Title: Bayesian analysis of unemployment dynamics in Japan

Authors: Koki Kyo; Hideo Noda; Genshiro Kitagawa

Addresses: Obihiro University of Agriculture and Veterinary Medicine, Inada-cho, Obihiro, Hokkaido 080-8555, Japan ' Faculty of Literature and Social Sciences, Yamagata University, 1-4-12 Kojirakawa-machi, Yamagata 990-8560, Japan ' Research Organization of Information and Systems, 4-3-13 Toranomon, Minato-ku, Tokyo 105-0001, Japan

Abstract: In this paper, we investigate the unemployment dynamics in Japan within the framework of Bayesian modelling. To consider structural changes in a model for the matching function specified in Cobb-Douglas form, we regard not only the matching efficiency but also the elasticities of new hiring with respect to unemployment and with respect to vacancies as time-varying parameters.

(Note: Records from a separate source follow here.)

(* Let $1\le N\le M$ and let $u_1,\dots,u_N$ satisfy the genericity conditions: pairwise distinct, $au_j+b\neq0$, $eu_j+f\neq0$, $tu_j\neq u_k$ for $j\neq k$. Let $\mathcal{C}_N^{(1)},\dots,\mathcal{C}_N^{(N)}$ be any $2^N\times2^N$ matrices with $\sum_j\mathcal{C}_N^{(j)}=\mathcal{C}_N$ satisfying, for all $j$ and $k\neq j$, $\mathcal{C}_N^{(j)}\mathcal{A}_N=\frac{eu_j+f}{au_j+b}\mathcal{A}_N\mathcal{C}_N^{(j)}$, $(\mathcal{C}_N^{(j)})^2=0$, $\mathcal{C}_N^{(j)}\mathcal{C}_N^{(k)}=\frac{(eu_j+f)(au_k+b)(u_j-tu_k)}{(au_j+b)(eu_k+f)(tu_j-u_k)}\mathcal{C}_N^{(k)}\mathcal{C}_N^{(j)}$ (such matrices exist). Set \[K=\prod_{j=1}^N\Big(\frac{au_j+b}{eu_j+f}\Big)^j\,\mathrm{Tr}\big[Q\,\mathcal{A}_N^{M-N}\mathcal{C}_N^{(N)}\cdots\mathcal{C}_N^{(1)}\big].\] Then for every particle configuration $1\le x_1<\dots<x_N\le M$, \[\langle x_1\cdots x_N|B(u_N)\cdots B(u_1)|\Omega\rangle=K\sum_{\sigma\in S_N}\prod_{(j,k)\in\mathrm{Inv}(\sigma)}\frac{u_{\sigma(k)}-tu_{\sigma(j)}}{tu_{\sigma(k)}-u_{\sigma(j)}}\prod_{j=1}^N\Big(\frac{eu_{\sigma(j)}+f}{au_{\sigma(j)}+b}\Big)^{x_j}.\]
   Context: Fix complex parameters $t,a,b,c,d,e,f$, all nonzero, with $t\neq1$, satisfying $cd+af=0$ and $tcd+be=0$. The $L$-operator $L_{aj}(u)$ on $W_a\otimes V_j$ ($W_a\cong V_j\cong\mathbb{C}^2$ with basis $|0\rangle,|1\rangle$) has matrix elements $[L(u)]^{\gamma\delta}_{\alpha\beta}={}_a\langle\gamma|{}_j\langle\delta|L_{aj}(u)|\alpha\rangle_a|\beta\rangle_j$: $[L]^{00}_{00}=au+b$, $[L]^{01}_{01}=atu+b$, $[L]^{01}_{10}=(1-t)cu$, $[L]^{10}_{01}=(1-t)d$, $[L]^{10}_{10}=eu+f$, $[L]^{11}_{11}=eu+tf$, all others $0$. Monodromy $T_a(u)=L_{aM}(u)\cdots L_{a1}(u)$, $B(u)={}_a\langle0|T_a(u)|1\rangle_a$. $|\Omega\rangle=|0\rangle^{\otimes M}$; $|x_1\cdots x_N\rangle$ has $|1\rangle$ at sites $x_j$ and $|0\rangle$ elsewhere; bras are duals. For $\sigma\in S_N$, $\mathrm{Inv}(\sigma)=\{(j,k):j<k,\ \sigma(j)>\sigma(k)\}$. $X\otimes Y$ is the Kronecker product $(X_{ik}Y)_{i,k}$. The matrices $\mathcal{A}_n,\mathcal{C}_n$ are defined by $\mathcal{A}_1=\mathrm{diag}(au_1+b,eu_1+f)$, $\mathcal{C}_1=\begin{pmatrix}0&(1-t)cu_1\\0&0\end{pmatrix}$, $\mathcal{A}_{n+1}=\mathrm{diag}(au_{n+1}+b,eu_{n+1}+f)\otimes\mathcal{A}_n+\begin{pmatrix}0&0\\(1-t)d&0\end{pmatrix}\otimes\mathcal{C}_n$, $\mathcal{C}_{n+1}=\begin{pmatrix}0&(1-t)cu_{n+1}\\0&0\end{pmatrix}\otimes\mathcal{A}_n+\mathrm{diag}(atu_{n+1}+b,eu_{n+1}+tf)\otimes\mathcal{C}_n$. Rows/columns of $2^N\times 2^N$ matrices are indexed by $(i_N,\dots,i_1)\in\{0,1\}^N$ consistent with this Kronecker structure (index $0$ first in each factor); $Q$ is the $2^N\times2^N$ matrix with a single entry $1$ in row $(1,\dots,1)$, column $(0,\dots,0)$, and zeros elsewhere (i.e. $Q=|1^N\rangle\langle0^N|$). *)

theory Defs
  imports "Jordan_Normal_Form.Matrix" "HOL-Combinatorics.Permutations" Complex_Main
begin

text \<open>Lel t a b c d e f u g h al be  is  [L(u)]^{g h}_{al be}: auxiliary in-state al, out-state g;
 physical in-state be, out-state h.\<close>
definition Lel :: "complex \<Rightarrow> complex \<Rightarrow> complex \<Rightarrow> complex \<Rightarrow> complex \<Rightarrow> complex \<Rightarrow> complex
   \<Rightarrow> complex \<Rightarrow> nat \<Rightarrow> nat \<Rightarrow> nat \<Rightarrow> nat \<Rightarrow> complex" where
  "Lel t a b c d e f u g h al be =
     (if (g, h, al, be) = (0, 0, 0, 0) then a * u + b
      else if (g, h, al, be) = (0, 1, 0, 1) then a * t * u + b
      else if (g, h, al, be) = (0, 1, 1, 0) then (1 - t) * c * u
      else if (g, h, al, be) = (1, 0, 0, 1) then (1 - t) * d
      else if (g, h, al, be) = (1, 0, 1, 0) then e * u + f
      else if (g, h, al, be) = (1, 1, 1, 1) then e * u + t * f
      else 0)"

text \<open>Matrix elements of the monodromy T_a(u) = L_{a m}(u) ... L_{a 1}(u) on sites 1..m:
 mono ... m g al dl bl = <g|_a <dl| T_a(u) |al>_a |bl>, where physical configurations
 dl, bl : nat => nat give the state (0 or 1) at each site 1..m.\<close>
fun mono :: "complex \<Rightarrow> complex \<Rightarrow> complex \<Rightarrow> complex \<Rightarrow> complex \<Rightarrow> complex \<Rightarrow> complex
   \<Rightarrow> complex \<Rightarrow> nat \<Rightarrow> nat \<Rightarrow> nat \<Rightarrow> (nat \<Rightarrow> nat) \<Rightarrow> (nat \<Rightarrow> nat) \<Rightarrow> complex" where
  "mono t a b c d e f u 0 g al dl bl = (if g = al then 1 else 0)"
| "mono t a b c d e f u (Suc m) g al dl bl =
     (\<Sum>s\<in>{0, 1}. Lel t a b c d e f u g (dl (Suc m)) s (bl (Suc m)) * mono t a b c d e f u m s al dl bl)"

text \<open>Basis configurations of (C^2)^{\<otimes> M}: functions on sites {1..M} with values in {0,1}.\<close>
definition configs :: "nat \<Rightarrow> (nat \<Rightarrow> nat) set" where
  "configs M = PiE {1..M} (\<lambda>_. {0, 1})"

definition cfg :: "nat \<Rightarrow> nat set \<Rightarrow> (nat \<Rightarrow> nat)" where
  "cfg M X = (\<lambda>i\<in>{1..M}. if i \<in> X then 1 else 0)"

text \<open>Vectors are coefficient functions on configurations; B(u) = <0|T_a(u)|1>_a acting on them.\<close>
definition Bop :: "complex \<Rightarrow> complex \<Rightarrow> complex \<Rightarrow> complex \<Rightarrow> complex \<Rightarrow> complex \<Rightarrow> complex
   \<Rightarrow> nat \<Rightarrow> complex \<Rightarrow> ((nat \<Rightarrow> nat) \<Rightarrow> complex) \<Rightarrow> ((nat \<Rightarrow> nat) \<Rightarrow> complex)" where
  "Bop t a b c d e f M u v = (\<lambda>dl. \<Sum>bl\<in>configs M. mono t a b c d e f u M 0 1 dl bl * v bl)"

definition Omega :: "nat \<Rightarrow> ((nat \<Rightarrow> nat) \<Rightarrow> complex)" where
  "Omega M = (\<lambda>bl. if bl = cfg M {} then 1 else 0)"

fun Bstate :: "complex \<Rightarrow> complex \<Rightarrow> complex \<Rightarrow> complex \<Rightarrow> complex \<Rightarrow> complex \<Rightarrow> complex
   \<Rightarrow> nat \<Rightarrow> (nat \<Rightarrow> complex) \<Rightarrow> nat \<Rightarrow> ((nat \<Rightarrow> nat) \<Rightarrow> complex)" where
  "Bstate t a b c d e f M u 0 = Omega M"
| "Bstate t a b c d e f M u (Suc n) = Bop t a b c d e f M (u (Suc n)) (Bstate t a b c d e f M u n)"

definition kron :: "'a :: times mat \<Rightarrow> 'a mat \<Rightarrow> 'a mat" where
  "kron X Y = mat (dim_row X * dim_row Y) (dim_col X * dim_col Y)
     (\<lambda>(i, j). X $$ (i div dim_row Y, j div dim_col Y) * Y $$ (i mod dim_row Y, j mod dim_col Y))"

definition diag2 :: "complex \<Rightarrow> complex \<Rightarrow> complex mat" where
  "diag2 x y = mat_of_rows_list 2 [[x, 0], [0, y]]"

definition upper2 :: "complex \<Rightarrow> complex mat" where
  "upper2 x = mat_of_rows_list 2 [[0, x], [0, 0]]"

definition lower2 :: "complex \<Rightarrow> complex mat" where
  "lower2 x = mat_of_rows_list 2 [[0, 0], [x, 0]]"

text \<open>AC ... n = (A_n, C_n) for n \<ge> 1 (the value at n = 0 is irrelevant).\<close>
fun AC :: "complex \<Rightarrow> complex \<Rightarrow> complex \<Rightarrow> complex \<Rightarrow> complex \<Rightarrow> complex \<Rightarrow> complex
   \<Rightarrow> (nat \<Rightarrow> complex) \<Rightarrow> nat \<Rightarrow> complex mat \<times> complex mat" where
  "AC t a b c d e f u 0 = (1\<^sub>m 1, 0\<^sub>m 1 1)"
| "AC t a b c d e f u (Suc 0) =
     (diag2 (a * u 1 + b) (e * u 1 + f), upper2 ((1 - t) * c * u 1))"
| "AC t a b c d e f u (Suc (Suc n)) =
     (let An = fst (AC t a b c d e f u (Suc n)); Cn = snd (AC t a b c d e f u (Suc n)) in
      (kron (diag2 (a * u (Suc (Suc n)) + b) (e * u (Suc (Suc n)) + f)) An
         + kron (lower2 ((1 - t) * d)) Cn,
       kron (upper2 ((1 - t) * c * u (Suc (Suc n)))) An
         + kron (diag2 (a * t * u (Suc (Suc n)) + b) (e * u (Suc (Suc n)) + t * f)) Cn))"

text \<open>Row/column index (i_N,...,i_1) corresponds to the number sum_k i_k 2^(k-1), matching kron.
 Q = |1^N><0^N|.\<close>
definition Qmat :: "nat \<Rightarrow> complex mat" where
  "Qmat N = mat (2 ^ N) (2 ^ N) (\<lambda>(i, j). if i = 2 ^ N - 1 \<and> j = 0 then 1 else 0)"

definition mtrace :: "complex mat \<Rightarrow> complex" where
  "mtrace A = (\<Sum>i<dim_row A. A $$ (i, i))"

fun msum :: "nat \<Rightarrow> (nat \<Rightarrow> complex mat) \<Rightarrow> nat \<Rightarrow> complex mat" where
  "msum n C 0 = 0\<^sub>m n n"
| "msum n C (Suc k) = C (Suc k) + msum n C k"
lemma cmc1_inverse_frames:
  assumes "open M" and "\<omega> differentiable_on M"
    and SL: "\<forall>p\<in>M. \<Psi>1 p \<in> SL2R \<and> \<Psi>2 p \<in> SL2R"
    and "frame_eq M \<Psi>1 (U1 \<omega> Q) (V1 \<omega> R)" and "frame_eq M \<Psi>2 (U2' \<omega> Q) (V2' \<omega> R)"
  shows "cmc1_conformal_timelike M (\<lambda>p. \<Psi>1 p ** matrix_inv (\<Psi>2 p)) \<omega>
           (\<lambda>p. \<Psi>1 p ** kprime ** matrix_inv (\<Psi>2 p))"
proof -
  interpret cmc1_frame_pair M \<omega> \<Psi>1 "\<lambda>p. matrix_inv (\<Psi>2 p)" "U1 \<omega> Q" "V1 \<omega> R"
    "\<lambda>p. adj2 (U2' \<omega> Q p)" "\<lambda>p. adj2 (V2' \<omega> R p)"
  proof
    show "p \<in> M \<Longrightarrow> ((\<lambda>p. matrix_inv (\<Psi>2 p)) has_derivative (\<lambda>h. fst h *\<^sub>R (adj2 (U2' \<omega> Q p)
        ** matrix_inv (\<Psi>2 p)) + snd h *\<^sub>R (adj2 (V2' \<omega> R p) ** matrix_inv (\<Psi>2 p)))) (at p)" for p
      using assms by (simp add: frame_eq_def SL2R_def has_derivative_inverse_frame)
    show "p \<in> M \<Longrightarrow> det (matrix_inv (\<Psi>2 p)) = 1" for p
      using SL by (simp add: SL2R_def matrix_inv_eq_adj2 adj2_def det_2 algebra_simps)
  qed (use assms in \<open>auto simp: SL2R_def frame_eq_def mat2_entrywise adj2_def U1_def V1_def
        U2'_def V2'_def E12_def E21_def\<close>)
  show ?thesis
    by (rule cmc1_conformal_timelike_product)
qed

text \<open>Connectedness, simple connectivity and the smoothness of \<open>Q\<close> and \<open>R\<close> only matter for
  the existence of the frames; of the smoothness of \<open>\<omega>\<close> only differentiability is used.\<close>

theorem corollary5p2:
  fixes M :: "(real \<times> real) set"
    and \<omega> Q R :: "real \<times> real \<Rightarrow> real"
    and \<Phi>1 \<Phi>2 \<Psi>1 \<Psi>2 :: "real \<times> real \<Rightarrow> mat2"
  assumes "open M" and "connected M" and "simply_connected M"
    and "smooth_on M \<omega>" and "smooth_on M Q" and "smooth_on M R"
  shows "((\<forall>p\<in>M. \<Phi>1 p \<in> SL2R \<and> \<Phi>2 p \<in> SL2R)
          \<and> frame_eq M \<Phi>1 (U1 \<omega> Q) (V1 \<omega> R) \<and> frame_eq M \<Phi>2 (U2 \<omega> Q) (V2 \<omega> R)
          \<longrightarrow> cmc1_conformal_timelike M (\<lambda>p. \<Phi>1 p ** transpose (\<Phi>2 p)) \<omega>
                (\<lambda>p. \<Phi>1 p ** kprime ** transpose (\<Phi>2 p)))
       \<and> ((\<forall>p\<in>M. \<Psi>1 p \<in> SL2R \<and> \<Psi>2 p \<in> SL2R)
          \<and> frame_eq M \<Psi>1 (U1 \<omega> Q) (V1 \<omega> R) \<and> frame_eq M \<Psi>2 (U2' \<omega> Q) (V2' \<omega> R)
          \<longrightarrow> cmc1_conformal_timelike M (\<lambda>p. \<Psi>1 p ** matrix_inv (\<Psi>2 p)) \<omega>
                (\<lambda>p. \<Psi>1 p ** kprime ** matrix_inv (\<Psi>2 p)))"
proof -
  have "\<omega> differentiable_on M"
    using \<open>smooth_on M \<omega>\<close> by (metis smooth_on_def iter_pd.simps(1))
  then show ?thesis
    using \<open>open M\<close> cmc1_transpose_frames cmc1_inverse_frames by blast
qed

end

Then, from a Bayesian perspective, these are treated as random variables and smoothness priors are introduced. In addition, a set of models for the matching function and the smoothness priors is described in a state space representation. The parameter estimation is carried out using Kalman filter and fixed-interval smoothing. The average for the period between January 2009 and December 2010 suggests that 60% of the total unemployment rate was a result of structural and frictional factors and that 40% was attributable to a labour demand deficiency. Further, in terms of matching efficiency, the Japanese labour market is not viewed as functioning effectively even in the late 2000s.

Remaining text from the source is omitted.